Вот уже третью неделю барак дачного типа был для меня и кормушкой, и ночлежкой.
Я шагал по проспекту, где даже подвыпившие прохожие (а таковые попадались чуть ли не на каждом шагу!) устраивали шум и толчею, правда, словно нехотя, под давлением некой принуждающей их к этому силы. Мимо проплывали смутные силуэты: женщины с огромными букетами белых хризантем в руках - приближался День поминовения усопших. Моя голова была свободна от привычного жужжания, у меня не было никакой цели, равно как и желания встретить кого-нибудь. Я шел куда глаза глядят. В конце проспекта, уже за площадью, я столкнулся лицом к лицу с Туулой - она шла одна, ничем не выделяясь из толпы, точно такая же вытащенная недавно из воды утопленница. Мы столкнулись в буквальном смысле. Простите, буркнула она мимоходом, но я успел схватить ее за удаляющийся рукав. Туула обернулась и узнала меня. Привет, здравствуй, - разомкнула она пухлые губы, - привет... пошли куда-нибудь? Однако под руку меня не взяла. Единственная перемена? Нет.
Даже в этом тесном, обычно переполненном кафе, где у бара вечно вскипали пустячные страстишки, стоял гул и слышался пьяный смех, где в шею сидящим нетерпеливо дышали ждущие своей очереди пропустить рюмочку, где почти все не только хорошо знали, но и насквозь видели друг друга, - даже здесь свободных мест было хоть отбавляй.
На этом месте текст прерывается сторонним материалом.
lemma killed_step_cong:
  "(\<And>i. i < M \<Longrightarrow> v i = w i) \<Longrightarrow> j < M \<Longrightarrow> killed_step M v j = killed_step M w j"
  unfolding killed_step_def by auto

lemma killed_step_no_unimodular_eigenvector:
  assumes unimodular: "cmod \<mu> = 1"
    and eigen: "\<And>j. j < M \<Longrightarrow> killed_step M u j = scale_pair \<mu> (u j)" and j: "j < M"
  shows "u j = 0"
proof -
  have iter: "\<forall>j<M. (killed_step M ^^ t) u j = scale_pair (\<mu> ^ t) (u j)" for t
  proof (induction t)
    case (Suc t)
    show ?case
    proof (intro allI impI)
      fix j assume j: "j < M"
      have "(killed_step M ^^ Suc t) u j = killed_step M ((killed_step M ^^ t) u) j" by simp
      also have "\<dots> = killed_step M (\<lambda>i. scale_pair (\<mu> ^ t) (u i)) j"
        using Suc j by (intro killed_step_cong) auto
      also have "\<dots> = scale_pair (\<mu> ^ Suc t) (u j)"
        unfolding killed_step_scale_pair eigen[OF j] by (simp add: scale_pair_def)
      finally show "(killed_step M ^^ Suc t) u j = scale_pair (\<mu> ^ Suc t) (u j)" .
    qed
  qed (simp add: scale_pair_def)
  have "(\<lambda>t. norm ((killed_step M ^^ t) u j)) \<longlonglongrightarrow> 0"
    using killed_iter_tendsto_0[OF j, of u] by (simp add: tendsto_norm_zero_iff)
  moreover have "norm ((killed_step M ^^ t) u j) = norm (u j)" for t
    using iter j unimodular by (simp add: norm_scale_pair norm_power)
  ultimately show ?thesis by (simp add: LIMSEQ_const_iff)
qed

text \<open>\<open>\<Phi>\<close> is stationary, up to the phase \<open>e\<^sup>-\<^sup>i\<^sup>\<xi>\<close> per step, for the walk fed by the
  plane wave, whose inflow enters the R-amplitude of site 0.\<close>
definition stationary_state :: "nat \<Rightarrow> real \<Rightarrow> (nat \<Rightarrow> complex \<times> complex) \<Rightarrow> bool" where
  "stationary_state M \<xi> \<Phi> \<longleftrightarrow>
     (\<forall>j<M. killed_step M \<Phi> j + (if j = 0 then (0, cis (- \<xi>)) else 0) = scale_pair (cis (- \<xi>)) (\<Phi> j))"

lemma stationary_stateD:
  assumes "stationary_state M \<xi> \<Phi>" "j < M"
  shows "fst (killed_step M \<Phi> j) = cis (- \<xi>) * fst (\<Phi> j)"
    and "0 < j \<Longrightarrow> snd (killed_step M \<Phi> j) = cis (- \<xi>) * snd (\<Phi> j)"
    and "snd (\<Phi> 0) = 1"
proof -
  have eq: "killed_step M \<Phi> j + (if j = 0 then (0, cis (- \<xi>)) else 0) = scale_pair (cis (- \<xi>)) (\<Phi> j)"
    using assms unfolding stationary_state_def by blast
  show "fst (killed_step M \<Phi> j) = cis (- \<xi>) * fst (\<Phi> j)"
    using arg_cong[OF eq, of fst] by (simp add: scale_pair_def split: if_splits)
  show "0 < j \<Longrightarrow> snd (killed_step M \<Phi> j) = cis (- \<xi>) * snd (\<Phi> j)"
    using arg_cong[OF eq, of snd] by (simp add: scale_pair_def)
  have "killed_step M \<Phi> 0 + (0, cis (- \<xi>)) = scale_pair (cis (- \<xi>)) (\<Phi> 0)"
    using assms unfolding stationary_state_def by auto
  then show "snd (\<Phi> 0) = 1"
    by (simp add: scale_pair_def killed_step_def prod_eq_iff)
qed

lemma psi_Suc_stationary:
  assumes \<Phi>: "stationary_state M \<xi> \<Phi>" and j: "j < M"
    and strip: "\<And>i. i < M \<Longrightarrow> psi a b c d M \<xi> t (int i) = scale_pair (cis (- \<xi>) ^ t) (\<Phi> i) + D i"
  shows "psi a b c d M \<xi> (Suc t) (int j) = scale_pair (cis (- \<xi>) ^ Suc t) (\<Phi> j) + killed_step M D j"
proof -
  let ?rot = "cis (- \<xi>)"
  let ?\<psi> = "psi a b c d M \<xi>"
  have "fst (?\<psi> (Suc t) (int j)) = ?rot ^ Suc t * fst (\<Phi> j) + fst (killed_step M D j)"
  proof (cases "Suc j < M")
    case True
    have e: "int j + 1 = int (Suc j)" by simp
    have "fst (?\<psi> (Suc t) (int j)) = coin_L (?\<psi> t (int (Suc j)))"
      unfolding psi_Suc walk_step_def e using True by (simp add: coin_apply_def coin_L_def)
    also have "\<dots> = ?rot ^ t * coin_L (\<Phi> (Suc j)) + coin_L (D (Suc j))"
      unfolding strip[OF True] by (simp add: coin_L_def scale_pair_def algebra_simps)
    also have "\<dots> = ?rot ^ Suc t * fst (\<Phi> j) + fst (killed_step M D j)"
      using stationary_stateD(1)[OF \<Phi> j] True by (simp add: killed_step_def)
    finally show ?thesis .
  next
    case False
    then have e: "int j + 1 = int M" using j by simp
    have "fst (?\<psi> (Suc t) (int j)) = 0"
      unfolding psi_Suc walk_step_def e by (simp add: coin_apply_def psi_fst_right_of_strip)
    moreover have "fst (\<Phi> j) = 0"
      using stationary_stateD(1)[OF \<Phi> j] False by (simp add: killed_step_def)
    ultimately show ?thesis using False by (simp add: killed_step_def)
  qed
  moreover have "snd (?\<psi> (Suc t) (int j)) = ?rot ^ Suc t * snd (\<Phi> j) + snd (killed_step M D j)"
  proof (cases "0 < j")
    case True
    have e: "int j - 1 = int (j - 1)" using True by simp
    have "snd (?\<psi> (Suc t) (int j)) = coin_R (?\<psi> t (int (j - 1)))"
      unfolding psi_Suc walk_step_def e using True j by (simp add: coin_apply_def coin_R_def)
    also have "\<dots> = ?rot ^ t * coin_R (\<Phi> (j - 1)) + coin_R (D (j - 1))"
      using j strip[of "j - 1"] by (simp add: coin_R_def scale_pair_def algebra_simps)
    also have "\<dots> = ?rot ^ Suc t * snd (\<Phi> j) + snd (killed_step M D j)"
      using stationary_stateD(2)[OF \<Phi> j True] True by (simp add: killed_step_def)
    finally show ?thesis .
  next
    case False
    then have "snd (?\<psi> (Suc t) (int j)) = snd (?\<psi> t (-1))"
      by (simp add: psi_Suc walk_step_def coin_apply_def)
    also have "\<dots> = ?rot ^ Suc t" by (rule psi_inflow)
    finally show ?thesis
      using False stationary_stateD(3)[OF \<Phi> j] by (simp add: killed_step_def)
  qed
  ultimately show ?thesis by (simp add: scale_pair_def prod_eq_iff)
qed

lemma psi_stationary_decomposition:
  assumes "stationary_state M \<xi> \<Phi>"
  shows "j < M \<Longrightarrow> psi a b c d M \<xi> t (int j) =
    scale_pair (cis (- \<xi>) ^ t) (\<Phi> j) + (killed_step M ^^ t) (\<lambda>i. psi_init \<xi> (int i) - \<Phi> i) j"
proof (induction t arbitrary: j)
  case 0
  then show ?case by (simp add: scale_pair_def psi_def)
next
  case (Suc t)
  then show ?case using psi_Suc_stationary[OF assms] by simp
qed

lemma comfort_stationary_state:
  assumes \<Phi>: "stationary_state M \<xi> \<Phi>" and j: "j < M"
  shows "comfort a b c d M \<xi> j = (norm (\<Phi> j))\<^sup>2 / (\<Sum>k<M. (norm (\<Phi> k))\<^sup>2)"
proof -
  let ?\<psi> = "psi a b c d M \<xi>"
  let ?e = "\<lambda>i. psi_init \<xi> (int i) - \<Phi> i"
  have norm_lim: "(\<lambda>t. norm (?\<psi> t (int i))) \<longlonglongrightarrow> norm (\<Phi> i)" if i: "i < M" for i
  proof -
    have bound: "norm (norm (?\<psi> t (int i)) - norm (\<Phi> i)) \<le> norm ((killed_step M ^^ t) ?e i)" for t
      using norm_triangle_ineq3[of "scale_pair (cis (- \<xi>) ^ t) (\<Phi> i) + (killed_step M ^^ t) ?e i"
          "scale_pair (cis (- \<xi>) ^ t) (\<Phi> i)"]
      unfolding psi_stationary_decomposition[OF \<Phi> i] by (simp add: norm_scale_pair norm_power)
    have decay: "(\<lambda>t. norm ((killed_step M ^^ t) ?e i)) \<longlonglongrightarrow> 0"
      using killed_iter_tendsto_0[OF i] by (simp add: tendsto_norm_zero_iff)
    have "(\<lambda>t. norm (?\<psi> t (int i)) - norm (\<Phi> i)) \<longlonglongrightarrow> 0"
      by (rule Lim_null_comparison[OF always_eventually decay]) (use bound in auto)
    then show ?thesis by (rule LIM_zero_cancel)
  qed
  have "0 < M" using j by simp
  have "1 \<le> (norm (\<Phi> 0))\<^sup>2"
    using stationary_stateD(3)[OF \<Phi> \<open>0 < M\<close>] by (simp add: power2_norm_prod)
  also have "\<dots> \<le> (\<Sum>k<M. (norm (\<Phi> k))\<^sup>2)"
    using \<open>0 < M\<close> by (intro member_le_sum) auto
  finally have den: "(\<Sum>k<M. (norm (\<Phi> k))\<^sup>2) \<noteq> 0" by simp
  have normsq_lim: "(\<lambda>t. normsq (?\<psi> t (int i))) \<longlonglongrightarrow> (norm (\<Phi> i))\<^sup>2" if "i < M" for i
    unfolding normsq_def power2_norm_prod[symmetric] by (intro tendsto_power norm_lim that)
  have "(\<lambda>t. normsq (?\<psi> t (int j)) / (\<Sum>k<M. normsq (?\<psi> t (int k))))
        \<longlonglongrightarrow> (norm (\<Phi> j))\<^sup>2 / (\<Sum>k<M. (norm (\<Phi> k))\<^sup>2)"
    by (intro tendsto_divide normsq_lim j tendsto_sum den) auto
  then show ?thesis unfolding comfort_def using j by (simp add: limI)
qed

end

section \<open>Chebyshev weights\<close>

text \<open>\<open>cheb_U \<kappa> k\<close> is the Chebyshev polynomial of the second kind \<open>U\<^sub>k\<^sub>-\<^sub>1(\<kappa>)\<close>; with this
  index shift \<open>cheb_U (cos \<theta>) k = sin (k \<theta>) / sin \<theta>\<close>.\<close>
fun cheb_U :: "real \<Rightarrow> nat \<Rightarrow> real" where
  "cheb_U \<kappa> 0 = 0"
| "cheb_U \<kappa> (Suc 0) = 1"
| "cheb_U \<kappa> (Suc (Suc k)) = 2 * \<kappa> * cheb_U \<kappa> (Suc k) - cheb_U \<kappa> k"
Мы уселись на высоких табуретах возле стойки бара: Туула возле зернистой четырехугольной колонны, я - рядом. О, - шепнула она, - здесь довольно темно, темновато. Я попросил кофе и вермута. Помнится, мы почти не разговаривали, а если и заводили беседу, то исключительно о пустяках. Я взял Туулину руку и положил вместе со своей на ее вишневое шерстяное платье. Это было важно -для меня, разумеется. Она отпивала вино маленькими глотками, но жадно - мне оставалось лишь тихо изумляться этому. Потом она сама заказала еще по бокалу. Вкусный, с горчинкой вермут из все еще братской Венгрии. Я чувствовал, как она пытливо изучает меня из своего удобного полумрака, и боялся пошевелиться. Я ведь только сегодня узнала, где ты, - сказала Туула, — и вот мы встретились, каково, а? Мы снова выпили, ее глаза влажно заблестели, хотя я не прочел в них ничего, даже мало-мальского желания разговаривать со мной. Неужели мне следовало рассказать все? Вряд ли.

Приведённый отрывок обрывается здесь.